◆ Exercise goal:
Please reproduce the entries below exactly, starting at the first line and ending with the line that holds "(last (seg i))".

◆ Dataset excerpts:
section \<open>Certificates excluding a short one-path\<close>

text \<open>Walk straight down column \<open>c\<close>, and around every blocked barrier cell \<open>(i, c)\<close> through
  the nearest bridge to the left, at a cost of at most \<open>4D\<close> extra steps.\<close>

lemma one_path_around_blocked_cells:
  assumes D0: "0 < D" and c: "3 * D \<le> c" "c + 3 * D < n"
    and blocked: "\<And>i. blk i \<Longrightarrow> barrier_row n i \<and> \<not> bridge n D i c"
    and ones: "\<And>p. p \<in> grid n \<Longrightarrow> hard_input n D p \<or> (snd p = c \<and> \<not> blk (fst p)) \<Longrightarrow> y p"
  obtains W where "one_path n y W" "length W \<le> n + 4 * D * card {i. i < n \<and> blk i}"
proof -
  have "\<exists>b. blk i \<longrightarrow> bridge n D i b \<and> b < c \<and> c < b + 2 * D" for i
  proof (cases "blk i")
    case True
    moreover have "c + D < n"
      using c(2) by linarith
    ultimately obtain b where "bridge n D i b" "b \<le> c" "c < b + 2 * D"
      using bridge_column_below[OF D0 c(1)] blocked by blast
    then show ?thesis
      using blocked[OF True] le_neq_implies_less by blast
  qed simp
  then obtain b where b: "\<And>i. blk i \<Longrightarrow> bridge n D i (b i) \<and> b i < c \<and> c < b i + 2 * D"
    by metis
  define seg where "seg i = (if blk i then rev (map (\<lambda>j. (i - 1, j)) [b i..<c]) @ [(i, b i)]
      @ map (\<lambda>j. (Suc i, j)) [b i..<c] else [(i, c)])" for i
  define W where "W = concat (map seg [0..<n])"
  have blk_row: "1 \<le> i \<and> Suc i < n \<and> \<not> blk (i - 1) \<and> \<not> blk (Suc i)" if "blk i" for i
    using blocked[of i] blocked[of "i - 1"] blocked[of "Suc i"] that
    by (auto simp: barrier_row_def odd_pos Suc_le_eq)
  have seg_walk: "seg i \<noteq> [] \<and> successively adjacent (seg i) \<and> set (seg i) \<subseteq> grid n"
    if "i < n" for i
    using successively_adjacent_detour[of "b i" c "i - 1"] b[of i] blk_row[of i] that c
    by (cases "blk i") (auto simp: seg_def grid_def)
  have hd_seg: "hd (seg i) = (if blk i then (i - 1, c - 1) else (i, c))" for i
    using b[of i] by (auto simp: seg_def hd_append hd_rev last_map)
  have last_seg: "last (seg i) = (if blk i then (Suc i, c - 1) else (i, c))" for i
    using b[of i] by (auto simp: seg_def last_map)
  have "0 < c"
    using c D0 by simp
  then have "adjacent (last (seg i)) (hd (seg (Suc i)))" for i
    using blk_row[of i] blk_row[of "Suc i"] by (auto simp: hd_seg last_seg adjacent_def)
  moreover have "0 < n" "\<not> blk 0" "\<not> blk (n - 1)"
    using c blk_row[of 0] blk_row[of "n - 1"] by auto
  ultimately have walk: "is_walk n W" "hd W = (0, c)" "last W = (n - 1, c)"
    using is_walk_concat_segments[of n seg n] seg_walk unfolding W_def
    by (auto simp: hd_seg last_seg)
  have seg_ones: "hard_input n D p \<or> (snd p = c \<and> \<not> blk (fst p))" if "p \<in> set (seg i)" for i p
    using that b[of i] blk_row[of i] blocked[of i]
    by (cases "blk i") (auto simp: seg_def hard_input_def barrier_row_def)
  have "y p" if pW: "p \<in> set W" for p
  proof -
    obtain i where "p \<in> set (seg i)"
      using pW unfolding W_def by auto
    moreover have "p \<in> grid n"
      using pW walk(1) by (auto simp: is_walk_def)
    ultimately show ?thesis
      using ones seg_ones by blast
  qed
  then have path: "one_path n y W"
    using walk by (simp add: one_path_def)
  have "length (seg i) \<le> 1 + (if blk i then 4 * D else 0)" for i
    using b[of i] by (auto simp: seg_def)
  then have "length W \<le> (\<Sum>i<n. 1 + (if blk i then 4 * D else 0))"
    unfolding W_def length_concat_map_upt by (rule sum_mono)
  also have "\<dots> = n + 4 * D * card {i. i < n \<and> blk i}"
    by (simp only: sum.distrib sum_if_lessThan) simp
  finally show ?thesis
    using that path by blast
qed

lemma not1_certificate_column:
  assumes D0: "0 < D" and cert: "is_certificate n not1 (hard_input n D) \<rho>"
    and c: "3 * D \<le> c" "c + 3 * D < n"
  shows "n < 4 * D * card {i. i < n \<and> barrier_row n i \<and> \<rho> (i, c) = Some False}"
proof (rule ccontr)
  let ?blk = "\<lambda>i. barrier_row n i \<and> \<rho> (i, c) = Some False"
  let ?y = "\<lambda>p. \<rho> p \<noteq> Some False"
  assume small: "\<not> ?thesis"
  have agrees: "\<rho> p \<noteq> Some False" if "p \<in> grid n" "hard_input n D p" for p
    using certificate_agrees[OF cert that(1)] that(2) by auto
  have "\<not> bridge n D i c" if "?blk i" for i
  proof
    assume "bridge n D i c"
    then have "(i, c) \<in> grid n" "hard_input n D (i, c)"
      by (auto simp: bridge_def barrier_row_def grid_def hard_input_def)
    then show False
      using agrees that by blast
  qed
  moreover have "?y p" if "p \<in> grid n" "hard_input n D p \<or> (snd p = c \<and> \<not> ?blk (fst p))" for p
    using that agrees[OF that(1)] by (cases p) (auto simp: hard_input_def)
  ultimately obtain W where W: "one_path n ?y W" "length W \<le> n + 4 * D * card {i. i < n \<and> ?blk i}"
    using one_path_around_blocked_cells[OF D0 c, of ?blk ?y] by blast
  then have "Hex n ?y = HOne"
    using small unfolding Hex_def by force
  then show False
    using Hex_completions_of_certificate(2)[OF cert] by simp
qed

lemma not1_certificate_size:
  assumes D0: "0 < D" and cert: "is_certificate n not1 (hard_input n D) \<rho>" and n: "6 * D \<le> n"
  shows "(n - 6 * D) * n \<le> 4 * D * psize n \<rho>"
proof -
  define Z where "Z = {p \<in> grid n. \<rho> p = Some False}"
  define C where "C = {3 * D..<n - 3 * D}"
  have "finite Z"
    unfolding Z_def grid_def by simp
  have "n \<le> 4 * D * card {p\<in>Z. snd p = c}" if "c \<in> C" for c
  proof -
    let ?K = "{i. i < n \<and> barrier_row n i \<and> \<rho> (i, c) = Some False}"
    have "card ?K = card ((\<lambda>i. (i, c)) ` ?K)"
      by (simp add: card_image inj_on_def)
    also have "\<dots> \<le> card {p\<in>Z. snd p = c}"
      using \<open>finite Z\<close> that by (intro card_mono) (auto simp: Z_def C_def grid_def)
    finally have "4 * D * card ?K \<le> 4 * D * card {p\<in>Z. snd p = c}"
      by simp
    moreover have "n < 4 * D * card ?K"
      using that n unfolding C_def by (intro not1_certificate_column[OF D0 cert]) auto
    ultimately show ?thesis
      by linarith
  qed
  then have "card C * n \<le> (\<Sum>c\<in>C. 4 * D * card {p\<in>Z. snd p = c})"
    using sum_mono[of C "\<lambda>_. n"] by simp
  also have "\<dots> = 4 * D * (\<Sum>c\<in>C. card {p\<in>Z. snd p = c})"
    by (simp add: sum_distrib_left)
  also have "\<dots> \<le> 4 * D * card Z"
    using sum_card_fibers_le[OF \<open>finite Z\<close>, of C snd] by (simp add: C_def)
  also have "\<dots> \<le> 4 * D * psize n \<rho>"
    unfolding Z_def using card_fixed_le_psize by simp
  finally show ?thesis
    by (simp add: C_def)
qed

section \<open>Certificates excluding a short zero-path\<close>

definition covered_by :: "'a set \<Rightarrow> ('a \<Rightarrow> nat) \<Rightarrow> ('a \<Rightarrow> nat) \<Rightarrow> nat \<Rightarrow> bool" where
  "covered_by B l r j \<longleftrightarrow> (\<exists>b\<in>B. l b \<le> j \<and> j \<le> r b)"

lemma covered_by_left_end:
  assumes "covered_by B l r j" "\<not> covered_by B l r (j - 1)"
  shows "j \<in> l ` B"
proof -
  obtain b where b: "b \<in> B" "l b \<le> j" "j \<le> r b"
    using assms(1) by (auto simp: covered_by_def)
  then have "\<not> l b \<le> j - 1"
    using assms(2) by (auto simp: covered_by_def)
  then have "j = l b"
    using b(2) by linarith
  then show ?thesis
    using b(1) by blast
qed

lemma covered_by_right_end:
  assumes "covered_by B l r j" "\<not> covered_by B l r (Suc j)"
  shows "j \<in> r ` B"
proof -
  obtain b where b: "b \<in> B" "l b \<le> j" "j \<le> r b"
    using assms(1) by (auto simp: covered_by_def)
  then have "\<not> Suc j \<le> r b"
    using assms(2) by (auto simp: covered_by_def)
  then have "j = r b"
    using b(3) by linarith
  then show ?thesis
    using b(1) by blast
qed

◆ Result of this exercise:
section \<open>Certificates excluding a short one-path\<close>

text \<open>Walk straight down column \<open>c\<close>, and around every blocked barrier cell \<open>(i, c)\<close> through
  the nearest bridge to the left, at a cost of at most \<open>4D\<close> extra steps.\<close>

lemma one_path_around_blocked_cells:
  assumes D0: "0 < D" and c: "3 * D \<le> c" "c + 3 * D < n"
    and blocked: "\<And>i. blk i \<Longrightarrow> barrier_row n i \<and> \<not> bridge n D i c"
    and ones: "\<And>p. p \<in> grid n \<Longrightarrow> hard_input n D p \<or> (snd p = c \<and> \<not> blk (fst p)) \<Longrightarrow> y p"
  obtains W where "one_path n y W" "length W \<le> n + 4 * D * card {i. i < n \<and> blk i}"
proof -
  have "\<exists>b. blk i \<longrightarrow> bridge n D i b \<and> b < c \<and> c < b + 2 * D" for i
  proof (cases "blk i")
    case True
    moreover have "c + D < n"
      using c(2) by linarith
    ultimately obtain b where "bridge n D i b" "b \<le> c" "c < b + 2 * D"
      using bridge_column_below[OF D0 c(1)] blocked by blast
    then show ?thesis
      using blocked[OF True] le_neq_implies_less by blast
  qed simp
  then obtain b where b: "\<And>i. blk i \<Longrightarrow> bridge n D i (b i) \<and> b i < c \<and> c < b i + 2 * D"
    by metis
  define seg where "seg i = (if blk i then rev (map (\<lambda>j. (i - 1, j)) [b i..<c]) @ [(i, b i)]
      @ map (\<lambda>j. (Suc i, j)) [b i..<c] else [(i, c)])" for i
  define W where "W = concat (map seg [0..<n])"
  have blk_row: "1 \<le> i \<and> Suc i < n \<and> \<not> blk (i - 1) \<and> \<not> blk (Suc i)" if "blk i" for i
    using blocked[of i] blocked[of "i - 1"] blocked[of "Suc i"] that
    by (auto simp: barrier_row_def odd_pos Suc_le_eq)
  have seg_walk: "seg i \<noteq> [] \<and> successively adjacent (seg i) \<and> set (seg i) \<subseteq> grid n"
    if "i < n" for i
    using successively_adjacent_detour[of "b i" c "i - 1"] b[of i] blk_row[of i] that c
    by (cases "blk i") (auto simp: seg_def grid_def)
  have hd_seg: "hd (seg i) = (if blk i then (i - 1, c - 1) else (i, c))" for i
    using b[of i] by (auto simp: seg_def hd_append hd_rev last_map)
  have last_seg: "last (seg i) = (if blk i then (Suc i, c - 1) else (i, c))" for i
    using b[of i] by (auto simp: seg_def last_map)
  have "0 < c"
    using c D0 by simp
  then have "adjacent (last (seg i)) (hd (seg (Suc i)))" for i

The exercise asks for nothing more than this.